What does that question mean? Are they asking if he is capable of applying paint molecules to surfaces?

I kind of assumed that what separated the good painters from the bad ones was the ability to prevent paint from splattering on undesired surfaces. If, however, there really are painters out there who are unable to make paint adhere to walls, then, "yes", my painter is a master of adhesion.

Anyway, we're almost done. Just infinity more days to go.

13 comments:

Avery Gray said...

I'm a master of adhesion myself. I do all my own painting. And I'm a whiz at faux finishes. Just ask anyone who's seen my hand-painted brick wall. I'm going to be an interior designer when I grow up. I'll let you hire me for an exorbitant fee. Trust me, I'm worth it.

Mike said...

Thankfully we're almost done with this painter. We'll ask him to do some touch-up and then he's not allowed back in the house with a paint brush. Hell of a nice guy though.

As for your fees, let me know when you have a San Francisco discount. I'm sure you love this city.

Sue said...

what is symtotocically? or whatever...

Mike said...

It's a mathematical term that describes some process or curve that gets closer and closer and closer to some destination, but it never actually reaches the seemingly graspable endpoint.

yajeev said...

kudos.

nice asymptote.

Avery Gray said...

Why wouldn't I love San Fransisco? Oh, I know. Because I'm conservative, right? My blood may start to boil as soon as the plane touches down?

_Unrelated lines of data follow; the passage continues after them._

(* Let $f: (\mathbb{R}^{+})^n \to (\mathbb{R}^{+})^n$ be homogeneous and monotone. If the associated graph $\mathcal{G}(f)$ is strongly connected, then $f$ has an eigenvector in $(\mathbb{R}^{+})^n$, i.e. there exist $x \in (\mathbb{R}^{+})^n$ and $\lambda \in \mathbb{R}^{+}$ with $f(x) = \lambda x$.
   Context: $\mathbb{R}^{+} = \{x \in \mathbb{R} : x > 0\}$. A map $f: (\mathbb{R}^{+})^n \to (\mathbb{R}^{+})^n$ is homogeneous if $f(\lambda x) = \lambda f(x)$ for all $\lambda \in \mathbb{R}^{+}$, $x \in (\mathbb{R}^{+})^n$, and monotone if $x \le y$ (componentwise) implies $f(x) \le f(y)$. For $u \in \mathbb{R}^{+}$ and $J \subseteq \{1,\dots,n\}$, $u_J \in (\mathbb{R}^{+})^n$ is the vector with $(u_J)_i = u$ if $i \in J$ and $(u_J)_i = 1$ otherwise. The associated graph $\mathcal{G}(f)$ is the directed graph on vertices $1,\dots,n$ with an edge from $i$ to $j$ iff $\lim_{u \to \infty} f_i(u_{\{j\}}) = \infty$. A directed graph is strongly connected if there is a directed path between any two distinct vertices. *)

theory Defs
  imports "HOL-Analysis.Analysis"
begin

definition pos_vec :: "real ^ 'n \<Rightarrow> bool" where
  "pos_vec x \<longleftrightarrow> (\<forall>i. x $ i > 0)"

definition maps_pos :: "(real ^ 'n \<Rightarrow> real ^ 'n) \<Rightarrow> bool" where
  "maps_pos f \<longleftrightarrow> (\<forall>x. pos_vec x \<longrightarrow> pos_vec (f x))"

definition homogeneous_map :: "(real ^ 'n \<Rightarrow> real ^ 'n) \<Rightarrow> bool" where
  "homogeneous_map f \<longleftrightarrow>
     (\<forall>l x. l > 0 \<longrightarrow> pos_vec x \<longrightarrow> f (l *\<^sub>R x) = l *\<^sub>R f x)"

definition monotone_map :: "(real ^ 'n \<Rightarrow> real ^ 'n) \<Rightarrow> bool" where
  "monotone_map f \<longleftrightarrow>
     (\<forall>x y. pos_vec x \<longrightarrow> pos_vec y \<longrightarrow> (\<forall>i. x $ i \<le> y $ i) \<longrightarrow>
        (\<forall>i. f x $ i \<le> f y $ i))"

Well, I haven't been there in about 5 years, but the last time I went, I had a great time. And (if you can believe this) I was probably more conservative then than I am now. Try to wrap your mind around that!

Mike said...

Aw, come on, I need SOME reason to make fun of you! Geez, at least allow me the joy of painting you as an idiot knee-jerk conservative! Is that so much to ask?

Mike said...

Yajeev, being a San Francisco resident, I do get the occasional man complimenting me on my asymptote. Thanks!

Avery Gray said...

I'm sure you can probably think of plenty of reasons to make fun of me if you really applied yourself to the task. Come on! Give it that old college try!

Mike said...

Well, your elbows are kind of funny looking.

Avery Gray said...

Oh, Mike! I would have thought, after all those years of wedded bliss, you would know by now never to insult any part of a woman's body. I'm crushed.

Mike said...

Hey, I know not to insult my wife's hot and sexy elbows, but until you put a ring on my finger, your elbows are fair game.

Avery Gray said...

Good to know.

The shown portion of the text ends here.